Imagine yourself in a room. The door behind you shut firmly, and you find yourself looking around at the walls, the floor, the ceiling, wondering how you ended up here. The color of the walls, the coldness of the floor, the smell of old furniture, and the taste of neglect fill your senses with a twist of comfort and anxiety.
At the far side of the room, you see a door, obscured mostly by darkness. The doorknob is partially lit, inviting you to see what lies beyond but cautioning you all the same. The room is quiet, strangely quiet, so that your thoughts are almost audible. You suspect you know what may be beyond the next door, but you’re not quite sure, and you don’t know if you want to find out. And you’re not sure you want to give up yet as you’ve come this far.
So the question lies before you: should you stay, or should you go back, or should you go on?
I find myself in this room all the time. This place is the farthest I’m willing to go with a hard question. Circumstances in life lead to thoughts, and thoughts lead to rooms with doors. Each door opens the implications of the next thought into another room, with perhaps another door, and there’s a point that feels too far, that to go any farther means embracing something about God, or myself, that I fear to embrace.
Let me give you an example. Ephesians 1:4 tells us: “He chose us in [Christ] before the foundation of the world.” So when we think about God’s sovereignty in election, we find ourselves in a large antechamber with several doors. One well-worn door may be labeled “God Chose Us By His Foreknowledge of Our Decisive Will. Another farther down the wall may say “God Chose Us By His Sovereign Will.”
We might walk to the first door, reach out our hand to feel the grain of the wood, pausing to consider what may lie just beyond. We might then walk to the second door and grasp the knob. Closing our eyes, we open the door and enter the next room.
This room is smaller, with a slightly different hue and smell. We see two more doors, one to our right and a second on the opposite wall. These doors look smaller, but heavier, and they also look old. We turn, realizing we can go back into the antechamber whenever we please. So we walk forward and inspect the names chiseled deep within each door.
One says, “God’s Will Is Unaffected By Man,” and we pause to consider what that might mean. Do we live within a deterministic reality? Are we simply marionettes, carrying out a temporal play at the flick and twist of a divine puppet master? We move to the other wall, coming close to a door that says, “God’s Will Is Affected By Man,” and we wonder at what this might mean? Do our actions, or our prayers, affect the carrying out of God’s will in a dynamic way? Is this interaction truly real and foreknown by God, or is it simply foreknown in the sense that it’s actually not dynamic?
We might go back to the first door, believing that God’s sovereignty must mean His will is not affected by man. So we grip the door and pull it open, passing through the frame into the next room. We find a chair, so we sit and consider the moment. If God’s will is unaffected by man, then what good are our prayers? Is James right: do the prayers of the righteous have great power? Or are our prayers means of God accomplishing His own will through us, for our sake? And if so, are they truly effective, or are they only pretense?

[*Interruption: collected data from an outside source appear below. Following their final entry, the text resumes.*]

(* Let $\mathcal{X}$ be a context space, $\mathcal{A}$ a finite arm set, $\hat f:\mathcal{X}\times\mathcal{A}\to[0,1]$, $\hat\pi_{\text{con}}:\mathcal{X}\to\mathcal{A}$, $\hat U_{\text{con}}>0$, $\hat g:\mathcal{X}\to 2^{\mathcal{A}}$, $\beta_{\max}\in(0,1)$ and $\eta\ge 1$. For $\zeta>0$ let $C(x,\zeta):=\{a\in\hat g(x):\hat f(x,\hat\pi_{\text{con}}(x))-\hat f(x,a)\le\hat U_{\text{con}}/\zeta\}$ (assumed nonempty), let $\mathrm{Unif}_\zeta(\cdot\mid x)$ be the uniform distribution on $C(x,\zeta)$, and define $$p(a\mid x):=(1-\beta_{\max})\mathrm{Unif}_{\beta_{\max}/\eta}(a\mid x)+\int_0^{\beta_{\max}}\mathrm{Unif}_{\beta/\eta}(a\mid x)\,d\beta .$$ Then for all $x\in\mathcal{X}$ and $a\in\mathcal{A}$: if $a\in C(x,\beta_{\max}/\eta)$, then $p(a\mid x)\ge\frac{1-\beta_{\max}}{|C(x,\beta_{\max}/\eta)|}+\frac{\beta_{\max}}{|\hat g(x)|}\ge\frac{1}{|\hat g(x)|}$; if $a\notin C(x,\beta_{\max}/\eta)$ and $a\in\hat g(x)$, then $p(a\mid x)\ge\frac{\eta}{|\hat g(x)|}\frac{\hat U_{\text{con}}}{\hat f(x,\hat\pi_{\text{con}}(x))-\hat f(x,a)}\ge\frac{\eta\hat U_{\text{con}}}{|\hat g(x)|}$; and otherwise $p(a\mid x)\ge 0$. *)

theory Defs
  imports "HOL-Analysis.Analysis"
begin

definition cand_set ::
  "('x \<Rightarrow> 'a \<Rightarrow> real) \<Rightarrow> ('x \<Rightarrow> 'a) \<Rightarrow> real \<Rightarrow> ('x \<Rightarrow> 'a set) \<Rightarrow> 'x \<Rightarrow> real \<Rightarrow> 'a set"
where
  "cand_set f pic U g x \<zeta> = {a \<in> g x. f x (pic x) - f x a \<le> U / \<zeta>}"

definition unif_pol ::
  "('x \<Rightarrow> 'a \<Rightarrow> real) \<Rightarrow> ('x \<Rightarrow> 'a) \<Rightarrow> real \<Rightarrow> ('x \<Rightarrow> 'a set) \<Rightarrow> real \<Rightarrow> 'x \<Rightarrow> 'a \<Rightarrow> real"
where
  "unif_pol f pic U g \<zeta> x a =
     (if a \<in> cand_set f pic U g x \<zeta> then 1 / real (card (cand_set f pic U g x \<zeta>)) else 0)"

definition mix_pol ::
  "('x \<Rightarrow> 'a \<Rightarrow> real) \<Rightarrow> ('x \<Rightarrow> 'a) \<Rightarrow> real \<Rightarrow> ('x \<Rightarrow> 'a set) \<Rightarrow> real \<Rightarrow> real \<Rightarrow> 'x \<Rightarrow> 'a \<Rightarrow> real"
where
  "mix_pol f pic U g \<beta>max \<eta> x a =
     (1 - \<beta>max) * unif_pol f pic U g (\<beta>max / \<eta>) x a
     + integral {0..\<beta>max} (\<lambda>\<beta>. unif_pol f pic U g (\<beta> / \<eta>) x a)"

end

theory Submission
  imports Defs
begin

This might be a room in which we sit for a while. And maybe we don’t get up to look at the inscriptions on the doors on the far end of the wall. Perhaps we go back out the way we came, trying another set of doors, or ultimately ending up back at the antechamber, where we’re not necessarily more content but at least we’re comfortable.
We are always in one of these rooms, or we’re either in the process of sitting, or going back, or considering the next door, or grasping the knob, or walking through to the next room. Wherever we find ourselves, there are some observations we can make that are worth considering—and carrying with us as we go about our thinking.
- God sees the start and end of this long line of rooms. He made the doors. He grants us grace to turn the knob. And He meets us in each moment as we wait, and turn back, and walk forward.
- Intellectually understanding the line of rooms is different than actually walking through them with heart in tow.
- Some rooms exist in order to be explored and then vacated.
- Many others have been through these doors and in these rooms; we do well to listen to their stories.
- The doors are worth entering. Jonathan Edwards, in his 11th resolution, determined to try these kinds of doors so long as his legs had strength: “Resolved, when I think of any theorem in divinity to be solved, immediately to do what I can towards solving it, if circumstances don’t hinder.”
- We walk in vain when we don’t walk with the Spirit through these rooms.
- Finding our way to the last room may join us with the apostle Paul, exclaiming, “Oh, the depth of the riches and wisdom and knowledge of God! How unsearchable are his judgments and how inscrutable his ways!”
May God grant us the grace to explore, and pause to reflect, and go back, and try other doors, and strive to enter the place where we rest in inscrutability of His glorious ways.
Question: What door are you uneasy about opening?